The Wolf Who Cried Rain

The Wolf Who Cried Rain

Having lost World War II because of the Allies’ superior weather forecast capabilities, Germany was anxious for success on the weather front. On any front, really, as long as it wasn’t one of the military kind.

But how could they possibly trump the breakthrough of the home weather station network? Meteorologists agreed that mapping and forecasting global weather was now so accurate it couldn’t conceivably be improved (until the advent of the weather satellite, to be deconstructed later).

But if they could not just predict, but create weather, that would surely put Germany back on the map. And so the Germans set out to make weather –rain, to be precise.

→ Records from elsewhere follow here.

(* Let $\mu_1,\mu_2$, $P_{n,m}$, the nearest neighbor recurrence coefficients $a_{n,m},b_{n,m},c_{n,m},d_{n,m}$ and the marginal recurrence coefficients $a_n^2(\mu_i),b_n(\mu_i)$ be as in the context, and suppose $c_{n,m}\neq d_{n,m}$ for all $n,m\ge 0$. Then the nearest neighbor recurrence coefficients can be computed recursively (by induction on $n+m$) from the relations \begin{align*} d_{n+1,m}-d_{n,m} &= c_{n,m+1}-c_{n,m}, && n,m\ge0,\\ a_{n+1,m}+b_{n+1,m}-(a_{n,m+1}+b_{n,m+1}) &= d_{n+1,m}c_{n,m}-d_{n,m}c_{n,m+1}, && n,m\ge 0,\\ \frac{a_{n,m+1}}{a_{n,m}} &= \frac{c_{n,m}-d_{n,m}}{c_{n-1,m}-d_{n-1,m}}, && n\ge1,\ m\ge0,\\ \frac{b_{n+1,m}}{b_{n,m}} &= \frac{c_{n,m}-d_{n,m}}{c_{n,m-1}-d_{n,m-1}}, && n\ge0,\ m\ge1, \end{align*} together with the boundary conditions $a_{n,0}=a_n^2(\mu_1)$, $b_{n,0}=0$, $c_{n,0}=b_n(\mu_1)$ for $n\ge0$ and $a_{0,m}=0$, $b_{0,m}=a_m^2(\mu_2)$, $d_{0,m}=b_m(\mu_2)$ for $m\ge0$; that is, these relations and boundary conditions determine all $a_{n,m},b_{n,m},c_{n,m},d_{n,m}$ ($n,m\ge0$) uniquely.
   Context: Let $\mu_1,\mu_2$ be positive Borel measures on $\mathbb{R}$ with all moments finite, forming a normal system: for every $(n,m)\in\mathbb{N}^2$ there is a unique monic polynomial $P_{n,m}$ of degree $n+m$ with $\int x^kP_{n,m}\,d\mu_1=0$ for $0\le k\le n-1$ and $\int x^kP_{n,m}\,d\mu_2=0$ for $0\le k\le m-1$. Set $P_{n,m}=0$ if $n<0$ or $m<0$. The nearest neighbor recurrence coefficients are defined by \[ xP_{n,m}=P_{n+1,m}+c_{n,m}P_{n,m}+a_{n,m}P_{n-1,m}+b_{n,m}P_{n,m-1},\qquad xP_{n,m}=P_{n,m+1}+d_{n,m}P_{n,m}+a_{n,m}P_{n-1,m}+b_{n,m}P_{n,m-1}, \] with the convention $a_{0,m}=0$ and $b_{n,0}=0$ for the coefficients multiplying zero polynomials. For $i=1,2$, $P_n(x;\mu_i)$ are the monic orthogonal polynomials for $\mu_i$, satisfying $xP_n(x;\mu_i)=P_{n+1}(x;\mu_i)+b_n(\mu_i)P_n(x;\mu_i)+a_n^2(\mu_i)P_{n-1}(x;\mu_i)$ for $n\ge0$, with $P_0=1$, $P_{-1}=0$ and $a_0^2(\mu_i)=0$. (Thus $P_{n,0}=P_n(\cdot;\mu_1)$ and $P_{0,m}=P_m(\cdot;\mu_2)$.) The four displayed relations in the claim are known to hold for the nearest neighbor recurrence coefficients. *)

theory Defs
  imports "HOL-Analysis.Analysis" "HOL-Computational_Algebra.Polynomial"
begin

definition orth_upto :: "real measure \<Rightarrow> nat \<Rightarrow> real poly \<Rightarrow> bool" where
  "orth_upto \<mu> n p \<longleftrightarrow> (\<forall>k<n. (\<integral>x. x ^ k * poly p x \<partial>\<mu>) = 0)"

definition mop_cond :: "real measure \<Rightarrow> real measure \<Rightarrow> nat \<Rightarrow> nat \<Rightarrow> real poly \<Rightarrow> bool" where
  "mop_cond \<mu>1 \<mu>2 n m p \<longleftrightarrow>
     lead_coeff p = 1 \<and> degree p = n + m \<and> orth_upto \<mu>1 n p \<and> orth_upto \<mu>2 m p"

definition normal_system :: "real measure \<Rightarrow> real measure \<Rightarrow> bool" where
  "normal_system \<mu>1 \<mu>2 \<longleftrightarrow> (\<forall>n m. \<exists>!p. mop_cond \<mu>1 \<mu>2 n m p)"

definition MOP :: "real measure \<Rightarrow> real measure \<Rightarrow> nat \<Rightarrow> nat \<Rightarrow> real poly" where
  "MOP \<mu>1 \<mu>2 n m = (THE p. mop_cond \<mu>1 \<mu>2 n m p)"

definition OP :: "real measure \<Rightarrow> nat \<Rightarrow> real poly" where
  "OP \<mu> n = (THE p. lead_coeff p = 1 \<and> degree p = n \<and> orth_upto \<mu> n p)"

definition NN_relations ::
  "(nat \<Rightarrow> nat \<Rightarrow> real) \<Rightarrow> (nat \<Rightarrow> nat \<Rightarrow> real) \<Rightarrow> (nat \<Rightarrow> nat \<Rightarrow> real) \<Rightarrow> (nat \<Rightarrow> nat \<Rightarrow> real) \<Rightarrow> bool" where
  "NN_relations a b c d \<longleftrightarrow>
     (\<forall>n m. d (n+1) m - d n m = c n (m+1) - c n m) \<and>
     (\<forall>n m. a (n+1) m + b (n+1) m - (a n (m+1) + b n (m+1))
            = d (n+1) m * c n m - d n m * c n (m+1)) \<and>
     (\<forall>n m. n \<ge> 1 \<longrightarrow>
            a n (m+1) / a n m = (c n m - d n m) / (c (n-1) m - d (n-1) m)) \<and>
     (\<forall>n m. m \<ge> 1 \<longrightarrow>
            b (n+1) m / b n m = (c n m - d n m) / (c n (m-1) - d n (m-1)))"

(* boundary conditions; al_i n = a_n^2(mu_i), be_i n = b_n(mu_i) *)
definition NN_boundary ::
  "(nat \<Rightarrow> real) \<Rightarrow> (nat \<Rightarrow> real) \<Rightarrow> (nat \<Rightarrow> real) \<Rightarrow> (nat \<Rightarrow> real) \<Rightarrow>
   (nat \<Rightarrow> nat \<Rightarrow> real) \<Rightarrow> (nat \<Rightarrow> nat \<Rightarrow> real) \<Rightarrow> (nat \<Rightarrow> nat \<Rightarrow> real) \<Rightarrow> (nat \<Rightarrow> nat \<Rightarrow> real) \<Rightarrow> bool" where
  "NN_boundary al1 be1 al2 be2 a b c d \<longleftrightarrow>
     (\<forall>n. a n 0 = al1 n \<and> b n 0 = 0 \<and> c n 0 = be1 n) \<and>
     (\<forall>m. a 0 m = 0 \<and> b 0 m = al2 m \<and> d 0 m = be2 m)"

end

theory Submission
  imports Defs
begin

text \<open>On the boundary the nearest neighbor recurrences reduce to the three-term recurrences of the
marginal orthogonal polynomials, since \<open>P\<^sub>n\<^sub>,\<^sub>0 = P\<^sub>n(\<cdot>;\<mu>\<^sub>1)\<close> and \<open>P\<^sub>0\<^sub>,\<^sub>m = P\<^sub>m(\<cdot>;\<mu>\<^sub>2)\<close>;
comparing coefficients of these monic polynomials of exact degree gives the boundary values.
Inside, the ratio relations propagate \<open>a\<close> along \<open>m\<close> and \<open>b\<close> along \<open>n\<close> (the ratios are nonzero
because \<open>c \<noteq> d\<close>), and once \<open>a, b\<close> are known on the diagonal \<open>n + m = N + 1\<close>, the first two
relations form a linear system for \<open>d\<^sub>n\<^sub>+\<^sub>1\<^sub>,\<^sub>m\<close> and \<open>c\<^sub>n\<^sub>,\<^sub>m\<^sub>+\<^sub>1\<close> with determinant
\<open>c\<^sub>n\<^sub>,\<^sub>m - d\<^sub>n\<^sub>,\<^sub>m \<noteq> 0\<close>.\<close>

lemma smult_lincomb_cancel:
  fixes P R :: "'a::idom poly"
  assumes "P \<noteq> 0" and "coeff R (degree P) = 0"
    and eq: "smult c P + smult a R = smult c' P + smult a' R"
  shows "c = c'" and "R \<noteq> 0 \<Longrightarrow> a = a'"
proof -
  have "c * lead_coeff P = c' * lead_coeff P"
    using arg_cong[OF eq, of "\<lambda>q. coeff q (degree P)"] assms(2) by simp
  then show cc: "c = c'"
    using assms(1) by simp
  have "smult (a - a') R = 0"
    using eq unfolding cc by (simp add: smult_diff_left)
  then show "R \<noteq> 0 \<Longrightarrow> a = a'"
    by simp
qed

lemma three_term_recurrence_coeffs_unique:
  fixes p :: "nat \<Rightarrow> 'a::idom poly"
  assumes deg: "\<And>k. degree (p k) = k" and nz: "\<And>k. p k \<noteq> 0"
    and rec: "[:0, 1:] * p n = p (n+1) + smult \<beta> (p n) + smult \<alpha> (if n = 0 then 0 else p (n-1))"
    and rec': "[:0, 1:] * p n = p (n+1) + smult \<beta>' (p n) + smult \<alpha>' (if n = 0 then 0 else p (n-1))"
  shows "\<beta> = \<beta>'" and "0 < n \<Longrightarrow> \<alpha> = \<alpha>'"
proof -
  let ?R = "if n = 0 then 0 else p (n-1)"
  have low: "coeff ?R (degree (p n)) = 0"
    by (simp add: deg coeff_eq_0)
  have eq: "smult \<beta> (p n) + smult \<alpha> ?R = smult \<beta>' (p n) + smult \<alpha>' ?R"
    using rec rec' by (simp add: add.assoc)
  show "\<beta> = \<beta>'" and "0 < n \<Longrightarrow> \<alpha> = \<alpha>'"
    using smult_lincomb_cancel[OF nz low eq] nz by auto
qed

lemma mop_cond_swap: "mop_cond \<mu>2 \<mu>1 m n p = mop_cond \<mu>1 \<mu>2 n m p"
  unfolding mop_cond_def by (simp add: add.commute conj_ac)

lemma normal_system_swap: "normal_system \<mu>2 \<mu>1 = normal_system \<mu>1 \<mu>2"
  unfolding normal_system_def mop_cond_swap[of \<mu>2 \<mu>1] by (rule all_comm)

lemma MOP_swap: "MOP \<mu>2 \<mu>1 m n = MOP \<mu>1 \<mu>2 n m"
  unfolding MOP_def mop_cond_swap[of \<mu>2 \<mu>1] ..

lemma mop_cond_MOP:
  assumes "normal_system \<mu>1 \<mu>2"
  shows "mop_cond \<mu>1 \<mu>2 n m (MOP \<mu>1 \<mu>2 n m)"
  using assms unfolding normal_system_def MOP_def by (blast intro: theI')

lemma OP_eq_MOP_left:
  assumes normal: "normal_system \<mu>1 \<mu>2"
  shows "OP \<mu>1 n = MOP \<mu>1 \<mu>2 n 0"
  unfolding OP_def
proof (rule the_equality)
  show "lead_coeff (MOP \<mu>1 \<mu>2 n 0) = 1 \<and> degree (MOP \<mu>1 \<mu>2 n 0) = n \<and> orth_upto \<mu>1 n (MOP \<mu>1 \<mu>2 n 0)"
    using mop_cond_MOP[OF normal, of n 0] unfolding mop_cond_def add_0_right by blast
next
  fix p
  assume "lead_coeff p = 1 \<and> degree p = n \<and> orth_upto \<mu>1 n p"
  then have "mop_cond \<mu>1 \<mu>2 n 0 p"
    unfolding mop_cond_def orth_upto_def by auto
  then show "p = MOP \<mu>1 \<mu>2 n 0"
    using normal mop_cond_MOP[OF normal] unfolding normal_system_def by blast
qed

lemma OP_eq_MOP_right:
  assumes "normal_system \<mu>1 \<mu>2"
  shows "OP \<mu>2 m = MOP \<mu>1 \<mu>2 0 m"
  using OP_eq_MOP_left[of \<mu>2 \<mu>1] assms by (simp add: normal_system_swap MOP_swap)

lemma OP_degree_nonzero:
  assumes "normal_system \<mu>1 \<mu>2"
  shows "degree (OP \<mu>1 n) = n" and "OP \<mu>1 n \<noteq> 0"
  using mop_cond_MOP[OF assms, of n 0] by (auto simp: OP_eq_MOP_left[OF assms] mop_cond_def)

text \<open>The hypothesis \<open>z \<noteq> 0\<close> excludes the junk value \<open>x / 0 = 0\<close>.\<close>

lemma ratio_eq_imp_eq_mult:
  fixes x y z :: real
  assumes "x / y = z" and "z \<noteq> 0"
  shows "x = y * z"
  using assms by (cases "y = 0") (auto simp: field_simps)

lemma NN_relations_a_succ:
  assumes "NN_relations a b c d" and "1 \<le> n"
    and "c n m \<noteq> d n m" and "c (n-1) m \<noteq> d (n-1) m"
  shows "a n (m+1) = a n m * ((c n m - d n m) / (c (n-1) m - d (n-1) m))"
  using assms by (intro ratio_eq_imp_eq_mult) (auto simp: NN_relations_def)

lemma NN_relations_b_succ:
  assumes "NN_relations a b c d" and "1 \<le> m"
    and "c n m \<noteq> d n m" and "c n (m-1) \<noteq> d n (m-1)"
  shows "b (n+1) m = b n m * ((c n m - d n m) / (c n (m-1) - d n (m-1)))"
  using assms by (intro ratio_eq_imp_eq_mult) (auto simp: NN_relations_def)

lemma linear_pair_unique:
  fixes x y x' y' c d :: real
  assumes "x' - y' = x - y" and "c * x' - d * y' = c * x - d * y" and "c \<noteq> d"
  shows "x' = x" and "y' = y"
proof -
  have "(c - d) * (x' - x) = (c * x' - d * y') - (c * x - d * y) + d * ((y' - y) - (x' - x))"
    by (simp add: algebra_simps)
  also have "\<dots> = 0"
    using assms(1,2) by simp
  finally have "(c - d) * (x' - x) = 0" .
  then show "x' = x"
    using assms(3) by simp
  then show "y' = y"
    using assms(1) by simp
qed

The Americans were trying the same thing. After some initial disappointment when their scientists debunked the old Native American rain dance, a non-native American of German origin, Vincent Schaefer, proposed an alternative –scientific- method in 1946: cloud seeding.

Cloud seeding involved sending up aircraft to disperse particles in the atmosphere in order to form clouds and eventually rain. The Germans found this idea bordering on Icarian hubris and took their research in a more down-to-earth direction (also, after WW II, the Luftwaffe had been disbanded).

A little-known workshop in Saarbrücken, Wolf Geräte, was given the task to design a rainmaking machine that wouldn’t require aircraft, zeppelins or swallows carrying coconuts. Although this prestigious project was of utmost importance to Germany, there was no official budget, as rebuilding Europe was higher on the world’s agenda. This –combined with the proverbial German Gründlichkeit- meant it would take till 1970 for the first rainmaker to become operational.

But it had been worth the wait! Wolf’s Bodenstehende Regenmachmaschine (ground-based rain-making machine) could produce convincing showers without leaving the ground, and it ran on nothing more than water. Also, it proved far cheaper and more effective than Mr Schaefer’s cloud seeding method. Germany had finally saved face and gotten their revenge for the lost war.

Ironically, Schaefer is German for ‘shepherd’, so in the end, the shepherd had been beaten by the wolf (Wolf is German for ‘wolf’).